Every line below that holds the string "consider" should be copied out.

__Given entries__.
# # # # #

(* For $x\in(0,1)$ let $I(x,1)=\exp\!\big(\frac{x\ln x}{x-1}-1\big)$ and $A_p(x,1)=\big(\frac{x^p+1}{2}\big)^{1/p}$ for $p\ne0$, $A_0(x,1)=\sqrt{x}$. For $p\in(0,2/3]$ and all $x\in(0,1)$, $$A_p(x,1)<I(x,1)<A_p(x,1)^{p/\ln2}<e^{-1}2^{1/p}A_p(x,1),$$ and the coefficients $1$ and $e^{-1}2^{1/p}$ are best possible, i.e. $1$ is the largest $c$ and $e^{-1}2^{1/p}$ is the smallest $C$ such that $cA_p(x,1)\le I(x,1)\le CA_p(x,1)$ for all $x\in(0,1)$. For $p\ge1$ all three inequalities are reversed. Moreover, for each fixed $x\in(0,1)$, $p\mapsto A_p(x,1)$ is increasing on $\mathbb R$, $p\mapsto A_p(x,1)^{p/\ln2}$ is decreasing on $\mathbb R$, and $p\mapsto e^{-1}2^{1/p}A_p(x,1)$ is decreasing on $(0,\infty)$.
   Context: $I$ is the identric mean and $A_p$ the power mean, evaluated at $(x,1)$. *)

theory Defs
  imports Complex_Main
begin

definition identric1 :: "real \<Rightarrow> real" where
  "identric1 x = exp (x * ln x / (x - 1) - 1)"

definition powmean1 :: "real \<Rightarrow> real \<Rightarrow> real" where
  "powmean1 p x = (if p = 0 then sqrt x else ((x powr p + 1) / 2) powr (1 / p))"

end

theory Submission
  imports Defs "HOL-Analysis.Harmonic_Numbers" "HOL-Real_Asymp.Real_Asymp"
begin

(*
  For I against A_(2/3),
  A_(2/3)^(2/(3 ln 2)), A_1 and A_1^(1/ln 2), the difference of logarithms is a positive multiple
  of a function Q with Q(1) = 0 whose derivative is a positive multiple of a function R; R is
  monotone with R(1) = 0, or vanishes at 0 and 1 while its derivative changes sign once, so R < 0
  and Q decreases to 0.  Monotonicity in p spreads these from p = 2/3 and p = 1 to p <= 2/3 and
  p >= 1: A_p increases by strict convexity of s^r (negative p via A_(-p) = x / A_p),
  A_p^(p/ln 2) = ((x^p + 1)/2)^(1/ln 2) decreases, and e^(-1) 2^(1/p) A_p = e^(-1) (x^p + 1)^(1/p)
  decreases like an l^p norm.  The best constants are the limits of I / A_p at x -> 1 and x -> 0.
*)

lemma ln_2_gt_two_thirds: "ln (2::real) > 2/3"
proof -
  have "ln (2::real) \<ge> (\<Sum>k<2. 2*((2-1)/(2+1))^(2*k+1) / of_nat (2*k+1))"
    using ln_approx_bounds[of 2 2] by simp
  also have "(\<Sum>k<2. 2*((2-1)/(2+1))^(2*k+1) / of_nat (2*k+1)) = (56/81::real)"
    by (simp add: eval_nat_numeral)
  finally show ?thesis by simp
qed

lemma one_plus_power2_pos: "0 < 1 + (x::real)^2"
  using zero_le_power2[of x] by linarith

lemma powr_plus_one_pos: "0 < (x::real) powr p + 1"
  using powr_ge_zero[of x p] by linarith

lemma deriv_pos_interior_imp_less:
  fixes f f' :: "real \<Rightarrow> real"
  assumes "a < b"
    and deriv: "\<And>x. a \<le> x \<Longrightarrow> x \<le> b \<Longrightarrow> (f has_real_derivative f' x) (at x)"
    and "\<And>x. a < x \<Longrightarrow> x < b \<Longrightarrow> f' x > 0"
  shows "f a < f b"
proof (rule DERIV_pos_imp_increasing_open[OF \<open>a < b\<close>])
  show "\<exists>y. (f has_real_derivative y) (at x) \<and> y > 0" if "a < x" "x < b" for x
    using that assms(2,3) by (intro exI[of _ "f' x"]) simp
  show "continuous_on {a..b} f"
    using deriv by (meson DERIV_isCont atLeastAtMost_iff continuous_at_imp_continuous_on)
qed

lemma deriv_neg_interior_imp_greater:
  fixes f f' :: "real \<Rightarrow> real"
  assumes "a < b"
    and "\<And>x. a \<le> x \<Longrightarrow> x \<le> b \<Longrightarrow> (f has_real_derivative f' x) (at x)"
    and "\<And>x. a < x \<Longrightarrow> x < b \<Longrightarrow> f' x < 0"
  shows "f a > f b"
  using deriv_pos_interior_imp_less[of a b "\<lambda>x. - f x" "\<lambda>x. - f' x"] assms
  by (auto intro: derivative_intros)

# # # # #

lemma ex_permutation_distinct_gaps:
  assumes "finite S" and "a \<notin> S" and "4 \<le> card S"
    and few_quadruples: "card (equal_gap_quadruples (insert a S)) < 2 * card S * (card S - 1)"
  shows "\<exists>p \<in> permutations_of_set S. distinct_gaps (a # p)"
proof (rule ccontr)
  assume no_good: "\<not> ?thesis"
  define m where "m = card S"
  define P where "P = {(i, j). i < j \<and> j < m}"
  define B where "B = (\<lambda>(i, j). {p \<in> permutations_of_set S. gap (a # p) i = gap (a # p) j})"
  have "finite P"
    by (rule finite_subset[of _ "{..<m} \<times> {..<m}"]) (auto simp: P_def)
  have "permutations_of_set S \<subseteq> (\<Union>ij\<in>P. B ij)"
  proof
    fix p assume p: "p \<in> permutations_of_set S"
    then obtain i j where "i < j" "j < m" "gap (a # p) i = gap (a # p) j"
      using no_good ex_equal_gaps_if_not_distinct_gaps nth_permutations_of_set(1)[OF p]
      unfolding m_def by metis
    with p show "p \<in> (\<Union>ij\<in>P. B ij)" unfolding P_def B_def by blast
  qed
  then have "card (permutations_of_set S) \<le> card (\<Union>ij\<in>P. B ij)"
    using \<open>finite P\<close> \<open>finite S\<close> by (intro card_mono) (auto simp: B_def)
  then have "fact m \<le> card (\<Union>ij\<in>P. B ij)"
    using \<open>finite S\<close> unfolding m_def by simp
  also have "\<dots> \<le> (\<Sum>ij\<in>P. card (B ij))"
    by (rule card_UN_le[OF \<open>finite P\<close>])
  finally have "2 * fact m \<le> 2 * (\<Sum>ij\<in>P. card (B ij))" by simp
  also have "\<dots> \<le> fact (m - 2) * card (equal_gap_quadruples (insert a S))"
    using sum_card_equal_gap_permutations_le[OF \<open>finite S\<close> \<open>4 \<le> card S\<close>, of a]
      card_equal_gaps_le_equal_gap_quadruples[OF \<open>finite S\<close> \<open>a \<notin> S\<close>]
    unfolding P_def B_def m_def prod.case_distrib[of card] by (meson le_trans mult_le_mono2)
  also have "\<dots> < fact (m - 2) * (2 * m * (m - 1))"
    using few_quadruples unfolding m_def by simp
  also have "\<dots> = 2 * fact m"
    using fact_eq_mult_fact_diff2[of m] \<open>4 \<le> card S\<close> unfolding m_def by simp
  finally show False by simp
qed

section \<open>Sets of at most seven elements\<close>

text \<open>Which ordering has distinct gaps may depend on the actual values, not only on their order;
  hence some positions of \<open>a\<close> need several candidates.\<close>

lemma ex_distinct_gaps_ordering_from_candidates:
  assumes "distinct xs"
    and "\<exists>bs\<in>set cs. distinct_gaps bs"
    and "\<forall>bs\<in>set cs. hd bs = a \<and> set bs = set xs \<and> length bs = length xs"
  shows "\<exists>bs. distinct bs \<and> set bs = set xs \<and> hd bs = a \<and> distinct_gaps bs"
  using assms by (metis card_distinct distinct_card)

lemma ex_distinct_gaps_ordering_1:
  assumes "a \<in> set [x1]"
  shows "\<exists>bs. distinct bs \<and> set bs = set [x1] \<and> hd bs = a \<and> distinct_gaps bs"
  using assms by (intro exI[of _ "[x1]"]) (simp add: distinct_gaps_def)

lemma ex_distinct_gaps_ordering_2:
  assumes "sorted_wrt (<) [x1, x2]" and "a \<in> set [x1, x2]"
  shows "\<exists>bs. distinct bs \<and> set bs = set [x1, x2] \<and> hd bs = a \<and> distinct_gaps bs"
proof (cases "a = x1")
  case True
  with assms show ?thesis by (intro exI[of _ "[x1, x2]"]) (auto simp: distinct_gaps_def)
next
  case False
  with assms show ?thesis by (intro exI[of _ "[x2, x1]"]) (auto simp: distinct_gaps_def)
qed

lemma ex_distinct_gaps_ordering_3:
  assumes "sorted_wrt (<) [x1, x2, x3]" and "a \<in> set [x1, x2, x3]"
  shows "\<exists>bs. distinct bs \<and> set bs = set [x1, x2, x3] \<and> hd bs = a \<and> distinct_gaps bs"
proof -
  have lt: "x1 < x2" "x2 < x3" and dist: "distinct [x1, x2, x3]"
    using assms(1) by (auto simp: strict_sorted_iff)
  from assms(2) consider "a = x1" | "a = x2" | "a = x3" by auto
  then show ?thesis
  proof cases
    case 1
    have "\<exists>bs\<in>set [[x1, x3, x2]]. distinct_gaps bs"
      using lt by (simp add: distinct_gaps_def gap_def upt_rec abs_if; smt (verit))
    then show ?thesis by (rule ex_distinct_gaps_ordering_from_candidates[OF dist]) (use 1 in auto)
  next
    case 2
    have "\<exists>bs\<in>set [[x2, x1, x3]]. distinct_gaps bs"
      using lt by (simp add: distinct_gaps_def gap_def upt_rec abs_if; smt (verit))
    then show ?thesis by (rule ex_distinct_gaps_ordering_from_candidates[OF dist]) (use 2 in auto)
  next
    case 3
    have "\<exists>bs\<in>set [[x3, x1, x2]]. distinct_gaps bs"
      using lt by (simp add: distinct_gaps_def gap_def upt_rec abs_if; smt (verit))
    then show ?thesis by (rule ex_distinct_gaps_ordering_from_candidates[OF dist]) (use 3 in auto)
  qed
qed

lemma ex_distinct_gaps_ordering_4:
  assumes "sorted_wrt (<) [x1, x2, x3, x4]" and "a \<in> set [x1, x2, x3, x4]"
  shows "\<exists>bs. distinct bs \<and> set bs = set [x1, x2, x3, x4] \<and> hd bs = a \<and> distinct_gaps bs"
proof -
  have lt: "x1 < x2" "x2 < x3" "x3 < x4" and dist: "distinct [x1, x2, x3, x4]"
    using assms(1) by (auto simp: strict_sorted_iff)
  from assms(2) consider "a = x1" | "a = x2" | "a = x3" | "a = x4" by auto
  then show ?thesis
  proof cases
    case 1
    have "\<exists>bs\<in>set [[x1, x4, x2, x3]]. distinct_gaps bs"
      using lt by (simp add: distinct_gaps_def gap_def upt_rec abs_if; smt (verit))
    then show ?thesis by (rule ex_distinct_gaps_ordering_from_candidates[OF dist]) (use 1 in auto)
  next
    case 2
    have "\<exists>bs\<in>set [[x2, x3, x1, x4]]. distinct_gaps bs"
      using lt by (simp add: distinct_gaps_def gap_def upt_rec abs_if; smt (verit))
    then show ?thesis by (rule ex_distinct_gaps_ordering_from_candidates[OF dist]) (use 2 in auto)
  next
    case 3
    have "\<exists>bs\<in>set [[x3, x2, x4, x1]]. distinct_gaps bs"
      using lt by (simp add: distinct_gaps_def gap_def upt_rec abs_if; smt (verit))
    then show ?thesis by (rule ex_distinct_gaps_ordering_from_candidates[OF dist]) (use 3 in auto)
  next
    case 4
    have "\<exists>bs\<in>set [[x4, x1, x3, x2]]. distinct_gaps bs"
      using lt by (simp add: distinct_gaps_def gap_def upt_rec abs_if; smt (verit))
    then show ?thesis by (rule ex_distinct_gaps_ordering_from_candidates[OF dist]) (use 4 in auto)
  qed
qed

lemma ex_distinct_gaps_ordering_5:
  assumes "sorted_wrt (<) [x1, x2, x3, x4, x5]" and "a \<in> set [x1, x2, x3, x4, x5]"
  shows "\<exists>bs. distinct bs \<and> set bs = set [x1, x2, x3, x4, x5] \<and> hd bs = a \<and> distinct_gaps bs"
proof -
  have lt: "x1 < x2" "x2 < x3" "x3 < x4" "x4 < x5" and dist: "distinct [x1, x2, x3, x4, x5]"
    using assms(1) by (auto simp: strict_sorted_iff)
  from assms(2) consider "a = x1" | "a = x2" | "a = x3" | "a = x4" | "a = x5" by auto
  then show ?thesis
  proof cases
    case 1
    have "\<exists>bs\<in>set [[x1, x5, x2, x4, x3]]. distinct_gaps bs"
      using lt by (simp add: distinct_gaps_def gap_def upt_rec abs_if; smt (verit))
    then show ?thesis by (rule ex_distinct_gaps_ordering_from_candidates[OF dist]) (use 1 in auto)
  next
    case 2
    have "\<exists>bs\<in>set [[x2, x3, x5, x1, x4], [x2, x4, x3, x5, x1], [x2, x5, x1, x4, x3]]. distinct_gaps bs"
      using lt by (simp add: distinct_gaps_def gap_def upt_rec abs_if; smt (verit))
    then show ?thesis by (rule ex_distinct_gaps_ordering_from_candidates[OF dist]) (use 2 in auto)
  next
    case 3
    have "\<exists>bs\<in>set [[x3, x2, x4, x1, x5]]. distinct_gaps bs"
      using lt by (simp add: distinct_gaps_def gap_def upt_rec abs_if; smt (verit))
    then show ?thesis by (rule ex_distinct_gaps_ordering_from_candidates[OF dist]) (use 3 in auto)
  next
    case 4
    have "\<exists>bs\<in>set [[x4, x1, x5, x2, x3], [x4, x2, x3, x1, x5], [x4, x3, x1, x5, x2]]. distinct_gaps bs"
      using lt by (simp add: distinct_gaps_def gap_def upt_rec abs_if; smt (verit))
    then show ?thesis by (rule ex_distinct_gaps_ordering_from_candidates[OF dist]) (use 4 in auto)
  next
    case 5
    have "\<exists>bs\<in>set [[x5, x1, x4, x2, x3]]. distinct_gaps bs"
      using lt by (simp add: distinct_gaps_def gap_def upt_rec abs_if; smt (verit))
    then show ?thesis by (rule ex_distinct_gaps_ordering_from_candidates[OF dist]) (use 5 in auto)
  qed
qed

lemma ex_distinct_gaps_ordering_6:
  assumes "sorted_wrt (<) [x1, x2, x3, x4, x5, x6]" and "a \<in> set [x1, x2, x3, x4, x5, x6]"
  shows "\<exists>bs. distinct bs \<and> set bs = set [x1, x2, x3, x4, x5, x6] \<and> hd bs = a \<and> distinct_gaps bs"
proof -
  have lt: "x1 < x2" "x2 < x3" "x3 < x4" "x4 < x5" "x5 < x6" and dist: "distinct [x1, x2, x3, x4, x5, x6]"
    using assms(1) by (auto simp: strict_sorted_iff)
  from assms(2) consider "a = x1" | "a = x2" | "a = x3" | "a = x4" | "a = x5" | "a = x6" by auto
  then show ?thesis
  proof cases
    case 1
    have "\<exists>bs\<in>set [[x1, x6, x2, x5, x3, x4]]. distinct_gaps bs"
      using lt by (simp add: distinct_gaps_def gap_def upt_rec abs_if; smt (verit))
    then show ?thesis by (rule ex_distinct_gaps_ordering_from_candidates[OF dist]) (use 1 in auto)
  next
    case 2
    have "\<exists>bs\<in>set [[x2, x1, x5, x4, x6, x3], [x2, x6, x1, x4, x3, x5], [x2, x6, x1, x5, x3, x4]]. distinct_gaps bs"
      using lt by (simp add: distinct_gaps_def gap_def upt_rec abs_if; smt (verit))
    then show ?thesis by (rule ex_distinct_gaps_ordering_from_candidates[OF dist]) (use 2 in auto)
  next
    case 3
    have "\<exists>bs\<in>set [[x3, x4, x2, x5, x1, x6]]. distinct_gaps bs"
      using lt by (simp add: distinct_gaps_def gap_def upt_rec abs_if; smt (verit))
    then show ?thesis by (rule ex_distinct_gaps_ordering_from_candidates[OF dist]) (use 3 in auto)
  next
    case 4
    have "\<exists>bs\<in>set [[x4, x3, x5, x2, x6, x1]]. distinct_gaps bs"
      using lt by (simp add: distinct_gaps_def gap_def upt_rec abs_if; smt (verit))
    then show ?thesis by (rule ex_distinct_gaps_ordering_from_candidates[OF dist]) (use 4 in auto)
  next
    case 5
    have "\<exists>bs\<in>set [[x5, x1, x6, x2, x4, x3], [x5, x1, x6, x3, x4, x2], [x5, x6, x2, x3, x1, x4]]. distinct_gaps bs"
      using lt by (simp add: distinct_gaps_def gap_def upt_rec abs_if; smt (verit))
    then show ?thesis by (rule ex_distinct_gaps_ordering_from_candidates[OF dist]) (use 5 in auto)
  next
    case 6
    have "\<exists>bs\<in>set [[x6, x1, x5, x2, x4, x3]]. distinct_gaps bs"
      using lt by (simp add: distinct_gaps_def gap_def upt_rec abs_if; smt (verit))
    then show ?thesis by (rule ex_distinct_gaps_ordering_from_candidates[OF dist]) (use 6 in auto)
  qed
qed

# # # # #

__Expected output__.
  from assms(2) consider "a = x1" | "a = x2" | "a = x3" by auto
  from assms(2) consider "a = x1" | "a = x2" | "a = x3" | "a = x4" by auto
  from assms(2) consider "a = x1" | "a = x2" | "a = x3" | "a = x4" | "a = x5" by auto
  from assms(2) consider "a = x1" | "a = x2" | "a = x3" | "a = x4" | "a = x5" | "a = x6" by auto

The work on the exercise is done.